Over my dead body, said Jak, in that Agatha Christie outfit of hers, it’s a gala occasion and we’re guests of honour of the Air Force, she won’t be allowed, we’re going to eat with the VIPs in the mess, what do you want to do with her then? There aren’t any amenities.
I’ll eat, Jak, and then I’ll excuse myself, it’ll have been a whole morning’s to-do and then I’ll want to rest, then I won’t want to look at a lot of aeroplanes.
You said it casually, so as not to upset him.
We can look for a shady tree, you said to Agaat, also as if it were the most ordinary thing on earth. Then we’ll be out of the crush, we can read magazines, you can pack a picnic for yourself, take the cool bag, I take my knitting, you pack your embroidery-basket, then at least we can make the afternoon worth our while for ourselves in our own way, I have no desire to get a crick in my neck from staring up into the air all the time.
Will I see him? Agaat asked.
You’ll see him in the air, you’ve always wanted to see what it looks like.
She glared at you.
You waited until Jak had pulled out the car, before you gave the signal. Agaat was ready, the house was locked. You opened the front and back doors simultaneously. You got in at the same time, Agaat with her baskets and tins, you with your cream-coloured handbag and the new shoes for which you’d had to stick plasters to your heels.
Jak was furious, he swore at everything ahead of him and overtook on double white lines up blind rises. In Swellendam he stopped with squealing tyres in front of the off-sales and bought a six-pack of beer, started drinking it immediately.
You didn’t even dare look back. You felt Agaat’s jaw jutting into your neck. Of all the summers of my life, you thought, this one is the ugliest. The hills were dry and dreadful, False Bay’s water flashed like steel when you crossed Sir Lowry’s Pass.
A curtain-raiser of lighter planes and gliders was in progress when you arrived. From far away you could already see the cars flashing in the sun, whole fields of them.
Can we please just try to find a little shade, you asked.

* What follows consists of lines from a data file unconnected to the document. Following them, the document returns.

definition set_letter :: "nat \<Rightarrow> nat list \<times> nat list \<Rightarrow> nat \<Rightarrow> nat \<Rightarrow> nat list \<times> nat list" where
  "set_letter n s i c =
     (if i < n then ((fst s)[i := c], snd s) else (fst s, (snd s)[i - n := c]))"

lemma set_letter1_eq_set_letter: "set_letter1 n s i = set_letter n s i 1"
  by (simp add: set_letter1_def set_letter_def)

lemma length_joined: "is_state n s \<Longrightarrow> length (joined s) = 2 * n"
  by (simp add: is_state_def joined_def)

lemma count1_eq_count_list_joined: "count1 s = count_list (joined s) 1"
  by (simp add: count1_def joined_def)

lemma letter_at_eq_joined_nth: "is_state n s \<Longrightarrow> i < 2 * n \<Longrightarrow> letter_at n s i = joined s ! i"
  by (auto simp: letter_at_def joined_def is_state_def nth_append)

lemma is_state_set_letter [simp]: "is_state n (set_letter n s i c) \<longleftrightarrow> is_state n s"
  by (simp add: is_state_def set_letter_def)

lemma joined_set_letter:
  "is_state n s \<Longrightarrow> i < 2 * n \<Longrightarrow> joined (set_letter n s i c) = (joined s)[i := c]"
  by (auto simp: is_state_def joined_def set_letter_def list_update_append)

lemma set_letter_set_letter [simp]: "set_letter n (set_letter n s i c) i d = set_letter n s i d"
  by (simp add: set_letter_def)

lemma set_letter_letter_at: "is_state n s \<Longrightarrow> set_letter n s i (letter_at n s i) = s"
  by (auto simp: set_letter_def letter_at_def is_state_def)

lemma free_pos_eq_Diff_ones: "free_pos n s = {..<2 * n} - ones n s"
  by (auto simp: free_pos_def ones_def)

lemma ones_subset: "ones n s \<subseteq> {..<2 * n}"
  by (auto simp: ones_def)

lemma finite_ones [simp]: "finite (ones n s)"
  using ones_subset finite_subset by blast

lemma finite_free_pos [simp]: "finite (free_pos n s)"
  by (simp add: free_pos_eq_Diff_ones)

lemma count1_eq_card_ones: "is_state n s \<Longrightarrow> count1 s = card (ones n s)"
proof -
  assume st: "is_state n s"
  have "count1 s = count_list (joined s) 1"
    by (rule count1_eq_count_list_joined)
  also have "\<dots> = card {i. i < 2 * n \<and> joined s ! i = 1}"
    using st by (simp add: count_list_eq_length_filter length_filter_conv_card length_joined eq_commute)
  also have "\<dots> = card (ones n s)"
    using st by (auto simp: ones_def letter_at_eq_joined_nth intro: arg_cong[where f = card])
  finally show ?thesis .
qed

lemma card_free_pos: "is_state n s \<Longrightarrow> card (free_pos n s) = 2 * n - count1 s"
  by (simp add: free_pos_eq_Diff_ones count1_eq_card_ones card_Diff_subset ones_subset)

lemma ones_set_letter:
  assumes "is_state n s" and "i < 2 * n"
  shows "ones n (set_letter n s i c) = (if c = 1 then insert i (ones n s) else ones n s - {i})"
  using assms
  by (auto simp: ones_def letter_at_eq_joined_nth joined_set_letter length_joined nth_list_update
      split: if_splits)

lemma count1_set_letter1:
  assumes "is_state n s" and "i \<in> free_pos n s"
  shows "count1 (set_letter1 n s i) = Suc (count1 s)"
proof -
  have "i < 2 * n" and "i \<notin> ones n s"
    using assms(2) by (auto simp: free_pos_eq_Diff_ones)
  then show ?thesis
    using assms(1) count1_eq_card_ones[of n "set_letter n s i 1"]
    by (simp add: set_letter1_eq_set_letter count1_eq_card_ones ones_set_letter)
qed
lemma tendsto_binomial_div_power: "(\<lambda>k. real ((k + c) choose m) / real k ^ m) \<longlonglongrightarrow> 1 / fact m"
proof (rule tendsto_sandwich)
  have div_k: "(\<lambda>k. real a / real k) \<longlonglongrightarrow> 0" for a
    using tendsto_mult_right_zero[OF lim_inverse_n, of "real a"] by (simp add: divide_inverse)
  have "(\<lambda>k. (1 - real m / real k) ^ m / fact m) \<longlonglongrightarrow> (1 - 0) ^ m / fact m"
    by (intro tendsto_intros div_k) simp
  then show "(\<lambda>k. (1 - real m / real k) ^ m / fact m) \<longlonglongrightarrow> 1 / fact m" by simp
  have "(\<lambda>k. (1 + real c / real k) ^ m / fact m) \<longlonglongrightarrow> (1 + 0) ^ m / fact m"
    by (intro tendsto_intros div_k) simp
  then show "(\<lambda>k. (1 + real c / real k) ^ m / fact m) \<longlonglongrightarrow> 1 / fact m" by simp
  show "\<forall>\<^sub>F k in sequentially. (1 - real m / real k) ^ m / fact m \<le> real ((k + c) choose m) / real k ^ m"
    using eventually_ge_at_top[of "max m 1"]
  proof eventually_elim
    case (elim k)
    then have k: "k \<ge> m" "k > 0" by auto
    have "real (k - m) ^ m \<le> real (k + c - m) ^ m" by (intro power_mono) auto
    also have "\<dots> \<le> fact m * real ((k + c) choose m)"
      by (rule pow_diff_le_fact_mult_binomial) (use k in simp)
    finally have "real (k - m) ^ m / fact m \<le> real ((k + c) choose m)"
      by (simp add: divide_le_eq mult.commute)
    then have "real (k - m) ^ m / fact m / real k ^ m \<le> real ((k + c) choose m) / real k ^ m"
      by (rule divide_right_mono) simp
    moreover have "1 - real m / real k = real (k - m) / real k"
      using k by (simp add: of_nat_diff diff_divide_distrib)
    then have "(1 - real m / real k) ^ m / fact m = real (k - m) ^ m / fact m / real k ^ m"
      by (simp add: power_divide)
    ultimately show ?case by simp
  qed
  show "\<forall>\<^sub>F k in sequentially. real ((k + c) choose m) / real k ^ m \<le> (1 + real c / real k) ^ m / fact m"
    using eventually_ge_at_top[of "1::nat"]
  proof eventually_elim
    case (elim k)
    have "real ((k + c) choose m) \<le> real (k + c) ^ m / fact m"
      using fact_mult_binomial_le_pow[of m "k + c"] by (simp add: le_divide_eq mult.commute)
    then have "real ((k + c) choose m) / real k ^ m \<le> real (k + c) ^ m / fact m / real k ^ m"
      by (rule divide_right_mono) simp
    moreover have "1 + real c / real k = real (k + c) / real k"
      using elim by (simp add: add_divide_distrib)
    then have "(1 + real c / real k) ^ m / fact m = real (k + c) ^ m / fact m / real k ^ m"
      by (simp add: power_divide)
    ultimately show ?case by simp
  qed
qed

There was a separate entrance a long way further, a sandy road amongst the rooikrans bushes, the only greenery as far as the eye could see. You saw coloured people capering and dancing with bottles in the air when low-flying planes came by. You heard them holler, salacious comments for the helicopters that came and hovered on the spot in the air and double-decker Tiger Moths flying upside down. They were draped all over one another.
That’ll be the day that I’ll park my car for you amongst a crowd of drunken hotnots, Jak said, but we can drop her here so long, here amidst her family of the flats, then she can learn to speak a bit of Cape, will do her good, her sounding like the Farmer’s Weekly in an apron. Do you think one afternoon is enough for rehabilitation? If you could teach her, Milla, just imagine how quickly they’ll get on top of her.
That’s enough, you warned, but you knew it was in vain. This was Jak’s four-beer bravado.